Brimer(STC)の83です。WEの274Bのようなプレート面が向かい合った構造になっています。水銀蒸気整流管です。

英国の送信管ベースを持ったマルコーニのU15(軍番号:NU13A)です。片波整流管のため、2本必要です。DA60やDA100の整流に使うと形が揃ってカッコいいです。

GECの高圧片波整流管のU19です。

英国軍用のM2463(=5U4G)です。フィリップスが納品したもののようです。

オスラムのU50(=5Y3G)です。

フィリップスの1805(=80)とタングスラムのPV4200です。

ムラードのFW4/500とFW4/800です。プレートの感じが若干違いますが、その他の差異は私には判りません。500の方は500Vまで、800の方は800Vまで整流できます。

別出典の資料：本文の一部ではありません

(* Let $c>2$ be a constant. Consider random directed graphs $\mathcal{G}_{n,p}$ on $n$ vertices in which each ordered pair $(u,v)$ of distinct vertices is an edge independently with probability $p$, where $p \ge \frac{c\log n}{n}$, together with an arbitrary partition $(V_1,V_P)$ of the vertices into player-1 and probabilistic vertices and an arbitrary nonempty target (B\"uchi) set $B$. Then the expected number of iterations of the classical algorithm for almost-sure winning in MDPs with B\"uchi objective $B$ is $O(1)$ (bounded by a constant independent of $n$ and $p$), and the average case running time of the algorithm is linear in the size of the graph.
   Context: $\log$ denotes the natural logarithm. For $U \subseteq V$ in a graph $G$ with vertex partition $(V_1,V_P)$, the random attractor $\mathrm{Attr}_P(U)$ is $\bigcup_{i\ge 0} X_i$, where $X_0=U$ and $X_{i+1}= X_i \cup \{v\in V_P : E(v)\cap X_i \neq\emptyset\} \cup \{v \in V_1 : E(v)\subseteq X_i\}$, with $E(v)$ the set of out-neighbours of $v$. The classical algorithm for B\"uchi objective $B$ works in iterations: starting from $G^1=G$ with vertex set $V^1$, in iteration $i$ it computes the set $Z^i$ of vertices of $G^i$ with a directed path in $G^i$ to a vertex of $B\cap V^i$, sets $U^i=V^i\setminus Z^i$; if $U^i=\emptyset$ it stops and outputs $Z^i$, otherwise it removes $\mathrm{Attr}_P(U^i)$ (computed in $G^i$) from $G^i$ to get $G^{i+1}$. Each iteration takes time linear in the size of the current graph, and there are at most $n$ iterations. *)

theory Defs
  imports "HOL-Probability.Probability"
begin

text \<open>Graphs: vertex set V :: nat set and edge relation E :: (nat * nat) set.
  Vertex partition: V1 is the set of player-1 vertices, all other vertices are probabilistic (V_P).\<close>

definition out_edges :: "(nat \<times> nat) set \<Rightarrow> nat \<Rightarrow> nat set" where
  "out_edges E v = {w. (v, w) \<in> E}"

definition reach_B :: "nat set \<Rightarrow> (nat \<times> nat) set \<Rightarrow> nat set \<Rightarrow> nat set" where
  "reach_B V E B = {v \<in> V. \<exists>w \<in> B \<inter> V. (v, w) \<in> (E \<inter> (V \<times> V))\<^sup>*}"

definition attr_P :: "nat set \<Rightarrow> (nat \<times> nat) set \<Rightarrow> nat set \<Rightarrow> nat set \<Rightarrow> nat set" where
  "attr_P V E V1 U = lfp (\<lambda>X. U
      \<union> {v \<in> V. v \<notin> V1 \<and> out_edges (E \<inter> (V \<times> V)) v \<inter> X \<noteq> {}}
      \<union> {v \<in> V. v \<in> V1 \<and> out_edges (E \<inter> (V \<times> V)) v \<subseteq> X})"

definition U_set :: "nat set \<Rightarrow> (nat \<times> nat) set \<Rightarrow> nat set \<Rightarrow> nat set" where
  "U_set V E B = V - reach_B V E B"

definition buchi_step :: "nat set \<Rightarrow> nat set \<Rightarrow> nat set \<times> (nat \<times> nat) set \<Rightarrow> nat set \<times> (nat \<times> nat) set" where
  "buchi_step V1 B G = (let V = fst G; E = snd G; U = U_set V E B in
     if U = {} then G
     else (let V' = V - attr_P V E V1 U in (V', E \<inter> (V' \<times> V'))))"

text \<open>G^(k+1), starting from G^1 = G.\<close>
definition buchi_graph :: "nat set \<Rightarrow> nat set \<Rightarrow> nat set \<Rightarrow> (nat \<times> nat) set \<Rightarrow> nat \<Rightarrow> nat set \<times> (nat \<times> nat) set" where
  "buchi_graph V1 B V E k = (buchi_step V1 B ^^ k) (V, E)"

text \<open>Number of iterations: the index i of the first iteration with U^i = {}.\<close>
definition buchi_iterations :: "nat set \<Rightarrow> nat set \<Rightarrow> nat set \<Rightarrow> (nat \<times> nat) set \<Rightarrow> nat" where
  "buchi_iterations V1 B V E =
     Suc (LEAST k. U_set (fst (buchi_graph V1 B V E k)) (snd (buchi_graph V1 B V E k)) B = {})"
lemma one_cochain0: "b \<in> topspace W \<Longrightarrow> (\<lambda>x\<in>topspace W. \<one>) \<in> cochain0 W b G"
  by (auto simp: cochain0_def)

lemma mult_cochain0:
  "c \<in> cochain0 W b G \<Longrightarrow> c' \<in> cochain0 W b G \<Longrightarrow> (\<lambda>x\<in>topspace W. c x \<otimes> c' x) \<in> cochain0 W b G"
  by (auto simp: cochain0_def)

lemma inv_cochain0: "c \<in> cochain0 W b G \<Longrightarrow> (\<lambda>x\<in>topspace W. inv (c x)) \<in> cochain0 W b G"
  by (auto simp: cochain0_def)

lemma cochain_act_apply: "pathin W p \<Longrightarrow> cochain_act W G c u p = c (p 0) \<otimes> u p \<otimes> inv (c (p 1))"
  by (simp add: cochain_act_def)

lemma cochain_act_undefined: "\<not> pathin W p \<Longrightarrow> cochain_act W G c u p = undefined"
  by (simp add: cochain_act_def)
(* Let $X,Y$ be Banach spaces, let $F:X\rightrightarrows Y$ be a closed convex set-valued mapping, let $A\subset X$ be a closed convex set, let $\bar y\in Y$, put $S:=F^{-1}(\bar y)\cap A$, and let $\bar x\in S$. Suppose that the set $DF^{-1}(\bar y,\bar x)(B_Y)\cap(T(A,\bar x)+B_X)\cap B_X$ is relatively compact in $X$. Then ${\rm ssubreg}_AF(\bar x,\bar y)<+\infty$ if and only if $$DF^{-1}(\bar y,\bar x)(0)\cap T(A,\bar x)=\{0\}.$$
   Context: $B_X,B_Y$ are the closed unit balls; $B(x,\delta)$ is the open ball. $F$ closed convex means ${\rm gph}(F)=\{(x,y):y\in F(x)\}$ is closed and convex in $X\times Y$. For a closed convex set $C$ and $a\in C$, the contingent cone $T(C,a)$ is the set of $v$ for which there exist $v_n\to v$, $t_n\to0^+$ with $a+t_nv_n\in C$ for all $n$. For $(x,y)\in{\rm gph}(F)$, $DF^{-1}(y,x)(v):=\{u\in X:(u,v)\in T({\rm gph}(F),(x,y))\}$ and $DF^{-1}(y,x)(W)=\bigcup_{v\in W}DF^{-1}(y,x)(v)$ for $W\subset Y$. ${\rm ssubreg}_AF(\bar x,\bar y):=\inf\{\tau>0:\exists\delta>0$ such that $\|x-\bar x\|\le\tau(d(\bar y,F(x))+d(x,A))$ for all $x\in B(\bar x,\delta)\}$, with $\inf\emptyset=+\infty$. *)

theory Defs
  imports "HOL-Analysis.Analysis"
begin

definition gph :: "('a \<Rightarrow> 'b set) \<Rightarrow> ('a \<times> 'b) set" where
  "gph F = {(x, y). y \<in> F x}"

definition contingent_cone :: "'a::real_normed_vector set \<Rightarrow> 'a \<Rightarrow> 'a set" where
  "contingent_cone C a = {v. \<exists>vs ts. vs \<longlonglongrightarrow> v \<and> ts \<longlonglongrightarrow> 0 \<and> (\<forall>n. ts n > 0)
       \<and> (\<forall>n. a + ts n *\<^sub>R vs n \<in> C)}"

definition DFinv :: "('a::real_normed_vector \<Rightarrow> 'b::real_normed_vector set) \<Rightarrow> 'b \<Rightarrow> 'a \<Rightarrow> 'b \<Rightarrow> 'a set" where
  "DFinv F y x v = {u. (u, v) \<in> contingent_cone (gph F) (x, y)}"

definition DFinv_set :: "('a::real_normed_vector \<Rightarrow> 'b::real_normed_vector set) \<Rightarrow> 'b \<Rightarrow> 'a \<Rightarrow> 'b set \<Rightarrow> 'a set" where
  "DFinv_set F y x W = (\<Union>v\<in>W. DFinv F y x v)"

definition edist :: "'a::metric_space \<Rightarrow> 'a set \<Rightarrow> ereal" where
  "edist y S = (if S = {} then \<infinity> else ereal (infdist y S))"

text \<open>Strong subregularity modulus relative to A (inf of the empty set is +\<infinity>).\<close>
definition ssubreg :: "'a::real_normed_vector set \<Rightarrow> ('a \<Rightarrow> 'b::real_normed_vector set) \<Rightarrow> 'a \<Rightarrow> 'b \<Rightarrow> ereal" where
  "ssubreg A F xb yb = Inf (ereal ` {\<tau>. \<tau> > 0 \<and> (\<exists>\<delta>>0. \<forall>x\<in>ball xb \<delta>.
       ereal (norm (x - xb)) \<le> ereal \<tau> * (edist yb (F x) + edist x A))})"

end

theory Submission
  imports Defs
begin

text \<open>
  If \<open>\<tau>\<close> is a subregularity constant and \<open>u \<noteq> 0\<close> lies in both cones, moving from \<open>xb\<close> a small
  step \<open>t\<close> along approximating directions gives points whose distance to \<open>xb\<close> is of order \<open>t\<close>
  while the residuals are \<open>o(t)\<close>, contradicting the bound. Conversely, if no constant works,
  there are points \<open>x\<^sub>n \<rightarrow> xb\<close> whose residuals are \<open>o(\<parallel>x\<^sub>n - xb\<parallel>)\<close>; by convexity the normalised
  directions \<open>(x\<^sub>n - xb)/\<parallel>x\<^sub>n - xb\<parallel>\<close> lie in the relatively compact set of the hypothesis, and a
  limit point is a unit vector in \<open>DF\<^sup>-\<^sup>1(yb,xb)(0) \<inter> T(A,xb)\<close>.
\<close>

definition ssubreg_bound ::
    "'a::real_normed_vector set \<Rightarrow> ('a \<Rightarrow> 'b::real_normed_vector set) \<Rightarrow> 'a \<Rightarrow> 'b \<Rightarrow> real \<Rightarrow> bool" where
  "ssubreg_bound A F xb yb \<tau> \<longleftrightarrow> \<tau> > 0 \<and> (\<exists>\<delta>>0. \<forall>x\<in>ball xb \<delta>.
       ereal (norm (x - xb)) \<le> ereal \<tau> * (edist yb (F x) + edist x A))"

lemma ssubreg_less_infinity_iff:
  "ssubreg A F xb yb < \<infinity> \<longleftrightarrow> (\<exists>\<tau>. ssubreg_bound A F xb yb \<tau>)"
proof -
  have ssubreg_eq: "ssubreg A F xb yb = Inf (ereal ` Collect (ssubreg_bound A F xb yb))"
    unfolding ssubreg_def ssubreg_bound_def[abs_def] by (rule refl)
  show ?thesis
  proof
    assume "ssubreg A F xb yb < \<infinity>"
    show "\<exists>\<tau>. ssubreg_bound A F xb yb \<tau>"
    proof (rule ccontr)
      assume "\<nexists>\<tau>. ssubreg_bound A F xb yb \<tau>"
      then have no_bound: "Collect (ssubreg_bound A F xb yb) = {}"
        by simp
      have "ssubreg A F xb yb = \<infinity>"
        unfolding ssubreg_eq no_bound by (simp add: top_ereal_def)
      with \<open>ssubreg A F xb yb < \<infinity>\<close> show False by simp
    qed
  next
    assume "\<exists>\<tau>. ssubreg_bound A F xb yb \<tau>"
    then obtain \<tau> where "ssubreg_bound A F xb yb \<tau>" by blast
    then have "ssubreg A F xb yb \<le> ereal \<tau>"
      unfolding ssubreg_eq by (intro Inf_lower) auto
    then show "ssubreg A F xb yb < \<infinity>"
      using ereal_less_PInfty by (rule le_less_trans) simp
  qed
qed

lemma contingent_coneI:
  assumes "vs \<longlonglongrightarrow> v" "ts \<longlonglongrightarrow> 0" "\<And>n. ts n > 0" "\<And>n. a + ts n *\<^sub>R vs n \<in> C"
  shows "v \<in> contingent_cone C a"
  using assms unfolding contingent_cone_def by blast

lemma DFinvI:
  assumes "us \<longlonglongrightarrow> u" "vs \<longlonglongrightarrow> v" "ts \<longlonglongrightarrow> 0" "\<And>n. ts n > 0"
    and "\<And>n. y + ts n *\<^sub>R vs n \<in> F (x + ts n *\<^sub>R us n)"
  shows "u \<in> DFinv F y x v"
  unfolding DFinv_def mem_Collect_eq
proof (rule contingent_coneI[of "\<lambda>n. (us n, vs n)" _ ts])
  show "(\<lambda>n. (us n, vs n)) \<longlonglongrightarrow> (u, v)"
    using assms(1,2) by (rule tendsto_Pair)
qed (use assms(3-) in \<open>auto simp: gph_def\<close>)

lemma zero_in_contingent_cone:
  fixes C :: "'a::real_normed_vector set"
  assumes "a \<in> C"
  shows "0 \<in> contingent_cone C a"
  by (rule contingent_coneI[of "\<lambda>n. 0" _ "\<lambda>n. inverse (real (Suc n))"])
     (use assms LIMSEQ_inverse_real_of_nat in auto)

lemma convex_scaled_segment:
  fixes C :: "'a::real_normed_vector set"
  assumes "convex C" "a \<in> C" "a + s *\<^sub>R w \<in> C" "0 < t" "t \<le> s"
  shows "a + t *\<^sub>R w \<in> C"
proof -
  have "(1 - t/s) *\<^sub>R a + (t/s) *\<^sub>R (a + s *\<^sub>R w) \<in> C"
    using assms by (intro convexD) auto
  moreover have "(1 - t/s) *\<^sub>R a + (t/s) *\<^sub>R (a + s *\<^sub>R w) = a + t *\<^sub>R w"
    using assms by (simp add: algebra_simps)
  ultimately show ?thesis by simp
qed

lemma contingent_cone_convexI:
  fixes C :: "'a::real_normed_vector set"
  assumes "convex C" "a \<in> C" "a + t *\<^sub>R w \<in> C" "0 < t"
  shows "w \<in> contingent_cone C a"
proof (rule contingent_coneI[of "\<lambda>n. w" _ "\<lambda>n. t * inverse (real (Suc n))"])
  have "(\<lambda>n. t * inverse (real (Suc n))) \<longlonglongrightarrow> t * 0"
    by (intro tendsto_mult tendsto_const LIMSEQ_inverse_real_of_nat)
  then show "(\<lambda>n. t * inverse (real (Suc n))) \<longlonglongrightarrow> 0" by simp
  fix n
  show "0 < t * inverse (real (Suc n))" using assms by simp
  have "t * inverse (real (Suc n)) \<le> t" using assms
    by (simp add: mult_le_cancel_left1 field_simps)
  then show "a + (t * inverse (real (Suc n))) *\<^sub>R w \<in> C"
    using convex_scaled_segment[OF assms(1,2,3)] assms(4) by simp
qed simp

lemma LIMSEQ_norm_less_inverse_Suc:
  fixes f :: "nat \<Rightarrow> 'a::real_normed_vector"
  assumes "\<And>n. norm (f n) < inverse (real (Suc n))"
  shows "f \<longlonglongrightarrow> 0"
  by (rule Lim_null_comparison[OF _ LIMSEQ_inverse_real_of_nat])
     (use assms in \<open>auto intro: always_eventually less_imp_le\<close>)

lemma ssubreg_estimate_along_directions:
  assumes est: "ereal (norm (t *\<^sub>R p)) \<le> ereal \<tau> * (edist yb (F (xb + t *\<^sub>R p)) + edist (xb + t *\<^sub>R p) A)"
    and "\<tau> \<ge> 0" "t > 0"
    and yF: "yb + t *\<^sub>R q \<in> F (xb + t *\<^sub>R p)" and aA: "xb + t *\<^sub>R w \<in> A"
  shows "norm p \<le> \<tau> * (norm q + norm (p - w))"
proof -
  let ?x = "xb + t *\<^sub>R p"
  have "infdist yb (F ?x) \<le> dist yb (yb + t *\<^sub>R q)"
    by (rule infdist_le[OF yF])
  moreover have "infdist ?x A \<le> dist ?x (xb + t *\<^sub>R w)"
    by (rule infdist_le[OF aA])
  ultimately have "infdist yb (F ?x) + infdist ?x A \<le> t * (norm q + norm (p - w))"
    using \<open>t > 0\<close> by (simp add: dist_norm distrib_left flip: scaleR_diff_right)
  moreover have "F ?x \<noteq> {}" "A \<noteq> {}"
    using yF aA by auto
  then have "t * norm p \<le> \<tau> * (infdist yb (F ?x) + infdist ?x A)"
    using est \<open>t > 0\<close> by (simp add: edist_def)
  ultimately have "t * norm p \<le> t * (\<tau> * (norm q + norm (p - w)))"
    using mult_left_mono \<open>\<tau> \<ge> 0\<close> by (fastforce simp: algebra_simps)
  then show ?thesis using \<open>t > 0\<close> by simp
qed

lemma ssubreg_bound_kernel_norm_le:
  assumes "convex A" "xb \<in> A" "ssubreg_bound A F xb yb \<tau>"
    and uD: "u \<in> DFinv F yb xb 0" and uT: "u \<in> contingent_cone A xb" and "\<epsilon> > 0"
  shows "norm u \<le> (1 + 3 * \<tau>) * \<epsilon>"
proof -
  obtain \<delta> where \<tau>: "\<tau> > 0" and "\<delta> > 0" and bound:
      "\<forall>x\<in>ball xb \<delta>. ereal (norm (x - xb)) \<le> ereal \<tau> * (edist yb (F x) + edist x A)"
    using assms(3) unfolding ssubreg_bound_def by blast
  obtain vs ts where vs: "vs \<longlonglongrightarrow> (u, 0)" and ts: "ts \<longlonglongrightarrow> 0" "\<forall>n. ts n > 0"
    and gph: "\<forall>n. (xb, yb) + ts n *\<^sub>R vs n \<in> gph F"
    using uD unfolding DFinv_def contingent_cone_def by auto
  obtain ws ss where ws: "ws \<longlonglongrightarrow> u" and ss: "\<forall>n. ss n > 0"
    and inA: "\<forall>n. xb + ss n *\<^sub>R ws n \<in> A"
    using uT unfolding contingent_cone_def by auto
  have fst: "(\<lambda>n. fst (vs n)) \<longlonglongrightarrow> u" and snd: "(\<lambda>n. snd (vs n)) \<longlonglongrightarrow> 0"
    using tendsto_fst[OF vs] tendsto_snd[OF vs] by simp_all
  have step: "(\<lambda>n. ts n *\<^sub>R fst (vs n)) \<longlonglongrightarrow> 0"
    using tendsto_scaleR[OF ts(1) fst] by simp
  obtain k where k: "dist (ws k) u < \<epsilon>"
    using tendstoD[OF ws \<open>\<epsilon> > 0\<close>] eventually_sequentially by auto
  have "\<forall>\<^sub>F n in sequentially. dist (fst (vs n)) u < \<epsilon> \<and> dist (snd (vs n)) 0 < \<epsilon>
      \<and> dist (ts n) 0 < ss k \<and> dist (ts n *\<^sub>R fst (vs n)) 0 < \<delta>"
    using tendstoD[OF fst \<open>\<epsilon> > 0\<close>] tendstoD[OF snd \<open>\<epsilon> > 0\<close>]
      tendstoD[OF ts(1) ss[rule_format, of k]] tendstoD[OF step \<open>\<delta> > 0\<close>]
    by (intro eventually_conj) auto
  then obtain n where n: "dist (fst (vs n)) u < \<epsilon>" "norm (snd (vs n)) < \<epsilon>"
      "ts n < ss k" "norm (ts n *\<^sub>R fst (vs n)) < \<delta>"
    using eventually_sequentially ts(2) by fastforce
  let ?p = "fst (vs n)" and ?t = "ts n"
  have "?t > 0" using ts(2) by blast
  \<comment> \<open>Convexity of \<open>A\<close> lets the step \<open>ss k\<close> along \<open>ws k\<close> be shortened to the step \<open>ts n\<close> of the graph.\<close>
  have "norm ?p \<le> \<tau> * (norm (snd (vs n)) + norm (?p - ws k))"
  proof (rule ssubreg_estimate_along_directions)
    show "ereal (norm (?t *\<^sub>R ?p)) \<le> ereal \<tau> *
        (edist yb (F (xb + ?t *\<^sub>R ?p)) + edist (xb + ?t *\<^sub>R ?p) A)"
      using bound[rule_format, of "xb + ?t *\<^sub>R ?p"] n(4) by (simp add: dist_norm)
    show "yb + ?t *\<^sub>R snd (vs n) \<in> F (xb + ?t *\<^sub>R ?p)"
      using gph[rule_format, of n] by (cases "vs n") (simp add: gph_def)
    show "xb + ?t *\<^sub>R ws k \<in> A"
      using convex_scaled_segment[OF assms(1,2) inA[rule_format, of k] \<open>?t > 0\<close>] n(3) by simp
  qed (use \<tau> \<open>?t > 0\<close> in auto)
  moreover have "norm (?p - ws k) \<le> 2 * \<epsilon>"
    using n(1) k norm_triangle_ineq4[of "?p - u" "ws k - u"] by (simp add: dist_norm)
  ultimately have "norm ?p \<le> \<tau> * (3 * \<epsilon>)"
    using n(2) \<tau> mult_left_mono[of "norm (snd (vs n)) + norm (?p - ws k)" "3 * \<epsilon>" \<tau>] by linarith
  moreover have "norm u \<le> norm ?p + \<epsilon>"
    using n(1) norm_triangle_ineq2[of u ?p] by (simp add: dist_norm norm_minus_commute)
  ultimately show ?thesis
    by (simp add: algebra_simps)
qed
(* Let $N$ be a Poisson process on $[0,\infty)$ with intensity $\lambda>0$, with points $0<X_1<X_2<\cdots$, and let $\epsilon>0$. Then the family $\{B_i, D_i : i\ge 1\}$ consists of independent random variables; each $D_i$ is exponentially distributed with mean $1/\lambda$, and the random variables $B_i$, $i\ge1$, are identically distributed.
   Context: A cluster is a maximal set of consecutive points $X_j,\dots,X_k$ with $X_{l+1}-X_l\le\epsilon$ for $j\le l<k$. Clusters are numbered from left to right; $A_i$ denotes the first point of the $i$-th cluster and $E_i=X_k+\epsilon$, where $X_k$ is the last point of the $i$-th cluster. The cluster length is $B_i=E_i-A_i$ and the intercluster size is $D_i=A_{i+1}-E_i$. *)

theory Defs
  imports "HOL-Probability.Probability" "HOL-Library.Infinite_Set"
begin

text \<open>Points of the Poisson process built from the interarrival times T 0, T 1, ...:
  the n-th point (n >= 1) is X_n = T 0 + ... + T (n-1).\<close>
definition pp_point :: "(nat \<Rightarrow> real) \<Rightarrow> nat \<Rightarrow> real" where
  "pp_point T n = (\<Sum>k<n. T k)"

text \<open>Indices k >= 1 such that X_k is the last point of a cluster (gap to next point > eps).\<close>
definition cl_gaps :: "real \<Rightarrow> (nat \<Rightarrow> real) \<Rightarrow> nat set" where
  "cl_gaps eps T = {k. 1 \<le> k \<and> pp_point T (Suc k) - pp_point T k > eps}"

definition cl_last :: "real \<Rightarrow> (nat \<Rightarrow> real) \<Rightarrow> nat \<Rightarrow> nat" where
  "cl_last eps T i = enumerate (cl_gaps eps T) (i - 1)"

definition cl_first :: "real \<Rightarrow> (nat \<Rightarrow> real) \<Rightarrow> nat \<Rightarrow> nat" where
  "cl_first eps T i = (if i \<le> 1 then 1 else Suc (cl_last eps T (i - 1)))"

definition cl_A :: "real \<Rightarrow> (nat \<Rightarrow> real) \<Rightarrow> nat \<Rightarrow> real" where
  "cl_A eps T i = pp_point T (cl_first eps T i)"

definition cl_E :: "real \<Rightarrow> (nat \<Rightarrow> real) \<Rightarrow> nat \<Rightarrow> real" where
  "cl_E eps T i = pp_point T (cl_last eps T i) + eps"

definition cl_B :: "real \<Rightarrow> (nat \<Rightarrow> real) \<Rightarrow> nat \<Rightarrow> real" where
  "cl_B eps T i = cl_E eps T i - cl_A eps T i"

フィリップスの4646です。F410と同じ大きさの片波整流管です。フィラメントは、4V1.3Aで1000V75mAまでの整流が可能です。

ロボットのような特異な形のフィリップスのDE2/200−01です。がっしりとしたセラミックスペーサーで支えられた強固な電極で、ズシリと重い真空管です。送信管等の高圧整流に用いられたものと思われます。このサンプルは、戦時中のドイツ軍に納入されたものです。上に出ているのがプレートで、ベースはフィラメントのみで、ピンも2本だけです。使ってみたいのですが、これに見合う出力管がありません。